Department of Thoracic Surgery, West China Hospital, Sichuan University, Chengdu, Sichuan, China.
Lung Cancer Center, West China Hospital, Sichuan University, Chengdu, Sichuan, China.
World J Surg Oncol. 2023 Jun 22;21(1):190. doi: 10.1186/s12957-023-03081-y.
Although several studies have confirmed the prognostic value of the consolidation to tumor ratio (CTR) in non-small cell lung cancer (NSCLC), there still remains controversial about it.
We systematically searched the PubMed, Embase, and Web of Science databases from inception to April, 2022 for eligible studies that reported the correlation between CTR and prognosis in NSCLC. Hazard ratios (HRs) with 95% confidence intervals (95% CIs) were extracted and pooled to assess the overall effects. Heterogeneity was estimated by I statistics. Subgroup analysis based on the cut-off value of CTR, country, source of HR and histology type was conducted to detect the sources of heterogeneity. Statistical analyses were performed using STATA version 12.0.
A total of 29 studies published between 2001 and 2022 with 10,347 patients were enrolled. The pooled results demonstrated that elevated CTR was associated with poorer overall survival (HR = 1.88, 95% CI 1.42-2.50, P < 0.01) and disease-free survival (DFS)/recurrence-free survival (RFS)/progression-free survival (PFS) (HR = 1.42, 95% CI 1.27-1.59, P < 0.01) in NSCLC. According to subgroup analysis by the cut-off value of CTR and histology type, both lung adenocarcinoma and NSCLC patients who had a higher CTR showed worse survival. Subgroup analysis stratified by country revealed that CTR was a prognostic factor for OS and DFS/RFS/PFS in Chinese, Japanese, and Turkish patients.

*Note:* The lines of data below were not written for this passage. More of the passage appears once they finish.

lemma min_dfa_states_eq_card_lquots:
  assumes "L \<subseteq> lists \<Sigma>" "finite (lquot L ` lists \<Sigma>)"
  shows "min_dfa_states \<Sigma> L = card (lquot L ` lists \<Sigma>)"
  unfolding min_dfa_states_def
proof (rule Least_equality)
  show "\<exists>D. wf_dfa \<Sigma> D \<and> dfa_lang \<Sigma> D = L \<and> card (dstates D) = card (lquot L ` lists \<Sigma>)"
    by (rule ex_dfa_of_lquots[OF assms])
next
  fix k assume "\<exists>D. wf_dfa \<Sigma> D \<and> dfa_lang \<Sigma> D = L \<and> card (dstates D) = k"
  then obtain D where "wf_dfa \<Sigma> D" "dfa_lang \<Sigma> D = L" "card (dstates D) = k"
    by blast
  then show "card (lquot L ` lists \<Sigma>) \<le> k"
    using card_lquots_le_dstates by metis
qed

lemma lquot_nfa_lang:
  "w \<in> lists \<Sigma> \<Longrightarrow>
     lquot (nfa_lang \<Sigma> N) w = {z \<in> lists \<Sigma>. nreach N (nreach N {ninit N} w) z \<inter> nfinal N \<noteq> {}}"
  by (auto simp: lquot_def nfa_lang_def nreach_append)

section \<open>Infix-free languages\<close>

lemma infix_free_singleton: "infix_free {w}"
  unfolding infix_free_def
proof (intro allI impI)
  fix x y z assume "y \<in> {w} \<and> x @ y @ z \<in> {w}"
  then have "x @ y @ z = y"
    by blast
  then have "length (x @ y @ z) = length y"
    by (rule arg_cong)
  then show "x @ z = []"
    by simp
qed

lemma infix_free_if_delimited:
  assumes delim: "\<And>w. w \<in> L \<Longrightarrow> \<exists>u. w = c # u @ [c] \<and> c \<notin> set u"
  shows "infix_free L"
  unfolding infix_free_def
proof (intro allI impI)
  fix x y z assume "y \<in> L \<and> x @ y @ z \<in> L"
  then obtain u v where y: "y = c # u @ [c]" "c \<notin> set u"
    and xyz: "x @ y @ z = c # v @ [c]" "c \<notin> set v"
    using delim by meson
  have "count_list (x @ y @ z) c = 2"
    using xyz by simp
  moreover have "count_list y c = 2"
    using y by simp
  ultimately have "count_list x c = 0" "count_list z c = 0"
    by simp_all
  then have no_c: "c \<notin> set x" "c \<notin> set z"
    by (simp_all add: count_list_0_iff)
  have "x = []"
  proof (rule ccontr)
    assume "x \<noteq> []"
    then have "hd x = c"
      using xyz(1) by (cases x) auto
    then show False
      using \<open>x \<noteq> []\<close> no_c(1) hd_in_set by metis
  qed
  moreover have "z = []"
  proof (rule ccontr)
    assume "z \<noteq> []"
    then have "last z = c"
      using xyz(1) by (cases z rule: rev_cases) auto
    then show False
      using \<open>z \<noteq> []\<close> no_c(2) last_in_set by metis
  qed
  ultimately show "x @ z = []"
    by simp
qed

section \<open>Languages of a single word\<close>

lemma in_lists_singleton_iff: "w \<in> lists {c} \<longleftrightarrow> w = replicate (length w) c"
proof
  assume "w \<in> lists {c}"
  then show "w = replicate (length w) c"
    by (intro replicate_length_same[symmetric]) auto
next
  assume "w = replicate (length w) c"
  then show "w \<in> lists {c}"
    by (metis replicate_in_lists singletonI)
qed

definition chain_nfa :: "nat \<Rightarrow> 'a nfa" where
  "chain_nfa l = \<lparr>nstates = {0..l}, ninit = 0, nfinal = {l},
     ndelta = (\<lambda>q a. if q < l then {Suc q} else {})\<rparr>"

lemma chain_nfa_simps [simp]:
  "nstates (chain_nfa l) = {0..l}" "ninit (chain_nfa l) = 0" "nfinal (chain_nfa l) = {l}"
  by (simp_all add: chain_nfa_def)
lemma nreach_chain_nfa:
  "q \<le> l \<Longrightarrow> nreach (chain_nfa l) {q} w = (if q + length w \<le> l then {q + length w} else {})"
proof (induction w arbitrary: q)
  case (Cons a w)
  show ?case
  proof (cases "q < l")
    case True
    then show ?thesis
      using Cons.IH[of "Suc q"] by (simp add: chain_nfa_def)
  next
    case False
    then show ?thesis
      using Cons.prems by (simp add: chain_nfa_def)
  qed
qed simp

lemma wf_chain_nfa: "wf_nfa \<Sigma> (chain_nfa l)"
  by (auto simp: wf_nfa_def chain_nfa_def)

lemma nfa_lang_chain_nfa: "nfa_lang {c} (chain_nfa l) = {replicate l c}"
proof -
  have "w \<in> nfa_lang {c} (chain_nfa l) \<longleftrightarrow> w \<in> lists {c} \<and> length w = l" for w
    by (auto simp: in_nfa_lang_iff nreach_chain_nfa)
  moreover have "w \<in> lists {c} \<and> length w = l \<longleftrightarrow> w = replicate l c" for w
    by (metis in_lists_singleton_iff length_replicate)
  ultimately show ?thesis
    by blast
qed

lemma minimal_nfa_chain_nfa: "minimal_nfa {c} (chain_nfa l)"
  unfolding minimal_nfa_def
proof (intro conjI allI impI)
  fix N :: "'a nfa" assume N: "wf_nfa {c} N \<and> nfa_lang {c} N = nfa_lang {c} (chain_nfa l)"
  have "card {0..l} \<le> card (nstates N)"
  proof (rule card_fooling_set_le[where x = "\<lambda>i. replicate i c" and y = "\<lambda>i. replicate (l - i) c"])
    fix i assume "i \<in> {0..l}"
    then show "replicate i c \<in> lists {c} \<and> replicate i c @ replicate (l - i) c \<in> nfa_lang {c} N"
      using N by (simp add: nfa_lang_chain_nfa replicate_in_lists replicate_add[symmetric])
  next
    fix i j assume "i \<in> {0..l}" "j \<in> {0..l}" "i \<noteq> j"
    then show "replicate i c @ replicate (l - j) c \<notin> nfa_lang {c} N \<or>
        replicate j c @ replicate (l - i) c \<notin> nfa_lang {c} N"
      using N by (simp add: nfa_lang_chain_nfa replicate_add[symmetric])
  qed (use N in simp_all)
  then show "card (nstates (chain_nfa l)) \<le> card (nstates N)"
    by simp
qed (rule wf_chain_nfa)

lemma lquot_replicate:
  assumes "w \<in> lists {c}"
  shows "lquot {replicate l c} w = (if length w \<le> l then {replicate (l - length w) c} else {})"
proof -
  have "w @ z = replicate l c \<longleftrightarrow> length w \<le> l \<and> z = replicate (l - length w) c" for z
    using assms by (metis append_eq_conv_conj drop_replicate in_lists_singleton_iff le_add1
        length_append length_drop length_replicate replicate_add take_replicate min.absorb1)
  then show ?thesis
    by (auto simp: lquot_def)
qed

lemma min_dfa_states_replicate: "min_dfa_states {c} {replicate l c} = l + 2"
proof -
  have "lquot {replicate l c} ` lists {c} = insert {} ((\<lambda>j. {replicate j c}) ` {0..l})"
  proof (intro equalityI subsetI)
    fix P assume "P \<in> lquot {replicate l c} ` lists {c}"
    then show "P \<in> insert {} ((\<lambda>j. {replicate j c}) ` {0..l})"
      by (auto simp: lquot_replicate)
  next
    fix P assume "P \<in> insert {} ((\<lambda>j. {replicate j c}) ` {0..l})"
    then consider "P = lquot {replicate l c} (replicate (Suc l) c)"
      | j where "j \<le> l" "P = lquot {replicate l c} (replicate (l - j) c)"
      by (auto simp: lquot_replicate replicate_in_lists)
    then show "P \<in> lquot {replicate l c} ` lists {c}"
      by cases (auto intro: replicate_in_lists)
  qed
  moreover have "card (insert {} ((\<lambda>j. {replicate j c}) ` {0..l})) = l + 2"
  proof -
    have "inj_on (\<lambda>j. {replicate j c}) {0..l}"
      by (rule inj_onI) simp
    then have "card ((\<lambda>j. {replicate j c}) ` {0..l}) = Suc l"
      by (simp add: card_image)
    moreover have "{} \<notin> (\<lambda>j. {replicate j c}) ` {0..l}"
      by blast
    ultimately show ?thesis
      by simp
  qed
  ultimately show ?thesis
    by (simp add: min_dfa_states_eq_card_lquots replicate_in_lists)
qed

section \<open>The construction for \<open>n \<ge> 3\<close>\<close>

locale subset_family_nfa =
  fixes m k :: nat and g :: "nat \<Rightarrow> nat set"
  assumes m_pos: "1 \<le> m"
    and family_subset: "j < k \<Longrightarrow> g j \<subseteq> {1..m}"
    and family_nonempty: "j < k \<Longrightarrow> g j \<noteq> {}"
    and family_singletons: "i \<in> {1..m} \<Longrightarrow> \<exists>j<k. g j = {i}"
    and family_inj: "inj_on g {0..<k}"
begin

definition alphabet :: "nat set" where
  "alphabet = {0..m + k}"

text \<open>Letter \<open>0\<close> leads
  \<open>0 \<rightarrow> 1 \<rightarrow> Suc m\<close>; letter \<open>i \<in> {1..m}\<close> leads from \<open>i\<close> back to \<open>1\<close> (it tests
  membership of \<open>i\<close>); letter \<open>Suc m + j\<close> leads from \<open>1\<close> to every state of \<open>g j\<close>.\<close>

definition delta :: "nat \<Rightarrow> nat \<Rightarrow> nat set" where
  "delta q a =
     (if q = 0 then (if a = 0 then {1} else {})
      else if q \<le> m then
        (if a = 0 then (if q = 1 then {Suc m} else {})
         else if a \<le> m then (if a = q then {1} else {})
         else if q = 1 \<and> a - Suc m < k then g (a - Suc m) else {})
      else {})"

In NSCLC patients with high CTR, the prognosis was worse than that with low CTR, indicating that CTR may be a prognostic factor.

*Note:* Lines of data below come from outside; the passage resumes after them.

(* Let $G=G_1*\cdots*G_r$ ($r\ge2$) be a free product of connected, locally finite, simple, quasi-transitive rooted graphs with $|V_i|\ge2$, and let $z_\ast$ be the smallest positive real number with $\sum_{i=1}^r\frac{\mathcal M_i(z_\ast)}{1+\mathcal M_i(z_\ast)}=1$ (so $z_\ast<\min_i R(\mathcal M_i)$). Let $$N(z)=\prod_{i=1}^r(1+\mathcal M_i(z)),\qquad D(z)=\prod_{k=1}^r\bigl(1+\mathcal M_k(z)\bigr)-\sum_{i=1}^r\mathcal M_i(z)\prod_{j\ne i}\bigl(1+\mathcal M_j(z)\bigr).$$ Then $z_\ast$ is a simple zero of $D$, and there exists a function $g$ analytic in a neighbourhood of $z_\ast$ with $g(z_\ast)\ne0$ such that $$\frac{N(z)}{D(z)}=\frac{g(z)}{z-z_\ast}$$ in a punctured neighbourhood of $z_\ast$.
   Context: Free product of graphs: let $G_1=(V_1,E_1,o_1),\dots,G_r=(V_r,E_r,o_r)$ be rooted graphs with pairwise distinct vertex sets, $\mathcal I=\{1,\dots,r\}$, and $V_i^\times=V_i\setminus\{o_i\}$; set $\tau(x)=i$ for $x\in V_i^\times$. The vertex set $V$ consists of the empty word $o$ together with all finite words $x_1x_2\cdots x_n$ with letters $x_j\in\bigcup_i V_i^\times$ such that $\tau(x_j)\neq\tau(x_{j+1})$; set $\tau(x_1\cdots x_n)=\tau(x_n)$. Each $V_i$ is regarded as a subset of $V$ with $o_i$ identified with $o$, and concatenation $wx$ is defined when the last letter of $w$ and first letter of $x$ have different types (with $wo_i=w$ if $\tau(w)\ne i$). Edges: for $i\in\mathcal I$ and $x,y\in V_i$ with $x\sim y$ in $G_i$, put an edge $wx\sim wy$ for every $w\in V$ with $\tau(w)\neq i$. The free product is $G=(V,E,o)$. A graph is quasi-transitive if its automorphism group has finitely many orbits on vertices. A self-avoiding walk (SAW) of length $n$ from a vertex is a path $[v_0,\dots,v_n]$ of adjacent vertices starting at that vertex with no vertex repeated. $\sigma_n^{(i)}$ is the number of $n$-step SAWs in $G_i$ starting at $o_i$, $\mathcal M_i(z)=\sum_{n\ge1}\sigma^{(i)}_n z^n$, with radius of convergence $R(\mathcal M_i)$. *)

theory Defs
  imports "HOL-Analysis.Analysis"
begin

definition simple_graph :: "'a set \<Rightarrow> ('a \<Rightarrow> 'a \<Rightarrow> bool) \<Rightarrow> bool" where
  "simple_graph V E \<longleftrightarrow> (\<forall>x y. E x y \<longrightarrow> x \<in> V \<and> y \<in> V) \<and>
     (\<forall>x y. E x y \<longrightarrow> E y x) \<and> (\<forall>x. \<not> E x x)"

definition is_walk :: "'a set \<Rightarrow> ('a \<Rightarrow> 'a \<Rightarrow> bool) \<Rightarrow> 'a list \<Rightarrow> bool" where
  "is_walk V E p \<longleftrightarrow> p \<noteq> [] \<and> set p \<subseteq> V \<and> (\<forall>k. Suc k < length p \<longrightarrow> E (p ! k) (p ! Suc k))"

definition connected_graph :: "'a set \<Rightarrow> ('a \<Rightarrow> 'a \<Rightarrow> bool) \<Rightarrow> bool" where
  "connected_graph V E \<longleftrightarrow>
     (\<forall>x\<in>V. \<forall>y\<in>V. \<exists>p. is_walk V E p \<and> hd p = x \<and> last p = y)"

definition locally_finite :: "'a set \<Rightarrow> ('a \<Rightarrow> 'a \<Rightarrow> bool) \<Rightarrow> bool" where
  "locally_finite V E \<longleftrightarrow> (\<forall>x\<in>V. finite {y. E x y})"

definition graph_aut :: "'a set \<Rightarrow> ('a \<Rightarrow> 'a \<Rightarrow> bool) \<Rightarrow> ('a \<Rightarrow> 'a) \<Rightarrow> bool" where
  "graph_aut V E f \<longleftrightarrow> bij_betw f V V \<and> (\<forall>x\<in>V. \<forall>y\<in>V. E (f x) (f y) \<longleftrightarrow> E x y)"

definition quasi_transitive :: "'a set \<Rightarrow> ('a \<Rightarrow> 'a \<Rightarrow> bool) \<Rightarrow> bool" where
  "quasi_transitive V E \<longleftrightarrow>
     finite ((\<lambda>x. {y. \<exists>f. graph_aut V E f \<and> f x = y}) ` V)"

text \<open>Self-avoiding walks of length n (n steps, n+1 vertices) starting at the root rt.\<close>
definition saws :: "'a set \<Rightarrow> ('a \<Rightarrow> 'a \<Rightarrow> bool) \<Rightarrow> 'a \<Rightarrow> nat \<Rightarrow> 'a list set" where
  "saws V E rt n = {p. is_walk V E p \<and> distinct p \<and> length p = Suc n \<and> hd p = rt}"

definition saw_count :: "'a set \<Rightarrow> ('a \<Rightarrow> 'a \<Rightarrow> bool) \<Rightarrow> 'a \<Rightarrow> nat \<Rightarrow> nat" where
  "saw_count V E rt n = card (saws V E rt n)"

definition saw_gf :: "'a set \<Rightarrow> ('a \<Rightarrow> 'a \<Rightarrow> bool) \<Rightarrow> 'a \<Rightarrow> complex \<Rightarrow> complex" where
  "saw_gf V E rt z = (\<Sum>n. (if n = 0 then 0 else of_nat (saw_count V E rt n)) * z ^ n)"

definition saw_gf_summable :: "'a set \<Rightarrow> ('a \<Rightarrow> 'a \<Rightarrow> bool) \<Rightarrow> 'a \<Rightarrow> complex \<Rightarrow> bool" where
  "saw_gf_summable V E rt z = summable (\<lambda>n. (if n = 0 then 0 else of_nat (saw_count V E rt n)) * z ^ n)"

end

theory Submission
  imports Defs "HOL-Complex_Analysis.Complex_Analysis"
begin

text \<open>Near \<open>z\<^sub>*\<close> one has \<open>D = N \<cdot> (1 - \<Sum>i. M\<^sub>i/(1 + M\<^sub>i))\<close>. Quasi-transitivity makes
  the walk counts dominated by a submultiplicative sequence, so each \<open>M\<^sub>i\<close> converges beyond
  any positive point of convergence and is analytic at \<open>z\<^sub>*\<close>; there it is real and
  nonnegative, with positive derivative because its coefficients are nonnegative and
  \<open>\<sigma>\<^sub>1 > 0\<close>. Hence the second factor vanishes at \<open>z\<^sub>*\<close> with derivative
  \<open>-\<Sum>i. M\<^sub>i'/(1 + M\<^sub>i)\<^sup>2 < 0\<close>, while \<open>N(z\<^sub>*) > 0\<close>; so \<open>z\<^sub>*\<close> is a simple zero of \<open>D\<close>
  and \<open>g(z) = N(z)(z - z\<^sub>*)/D(z)\<close> extends analytically to \<open>z\<^sub>*\<close>.\<close>

lemma is_walk_take: "is_walk V E p \<Longrightarrow> 0 < k \<Longrightarrow> is_walk V E (take k p)"
  unfolding is_walk_def using set_take_subset[of k p] by auto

尽管有几项研究证实了非小细胞肺癌(NSCLC)中肿瘤与增强比值(CTR)的预后价值,但仍存在争议。
我们系统地检索了 PubMed、Embase 和 Web of Science 数据库,以获取截至 2022 年 4 月有关 CTR 与 NSCLC 预后相关性的合格研究。提取并汇总了危险比(HR)及其 95%置信区间(95%CI)以评估总体效应。采用 I 统计量评估异质性。根据 CTR 的截断值、国家、HR 来源和组织学类型进行亚组分析,以检测异质性来源。使用 STATA 版本 12.0 进行统计分析。
共纳入了 2001 年至 2022 年期间发表的 29 项研究,共纳入了 10347 例患者。汇总结果表明,升高的 CTR 与总生存期(HR=1.88,95%CI 1.42-2.50,P<0.01)和无病生存期(DFS)/无复发生存期(RFS)/无进展生存期(PFS)(HR=1.42,95%CI 1.27-1.59,P<0.01)更差相关。根据 CTR 截断值和组织学类型的亚组分析,CTR 较高的肺腺癌和 NSCLC 患者的生存情况更差。按国家进行的亚组分析显示,CTR 是中国、日本和土耳其患者 OS 和 DFS/RFS/PFS 的预后因素。
在 CTR 较高的 NSCLC 患者中,预后比 CTR 较低的患者差,这表明 CTR 可能是一个预后因素。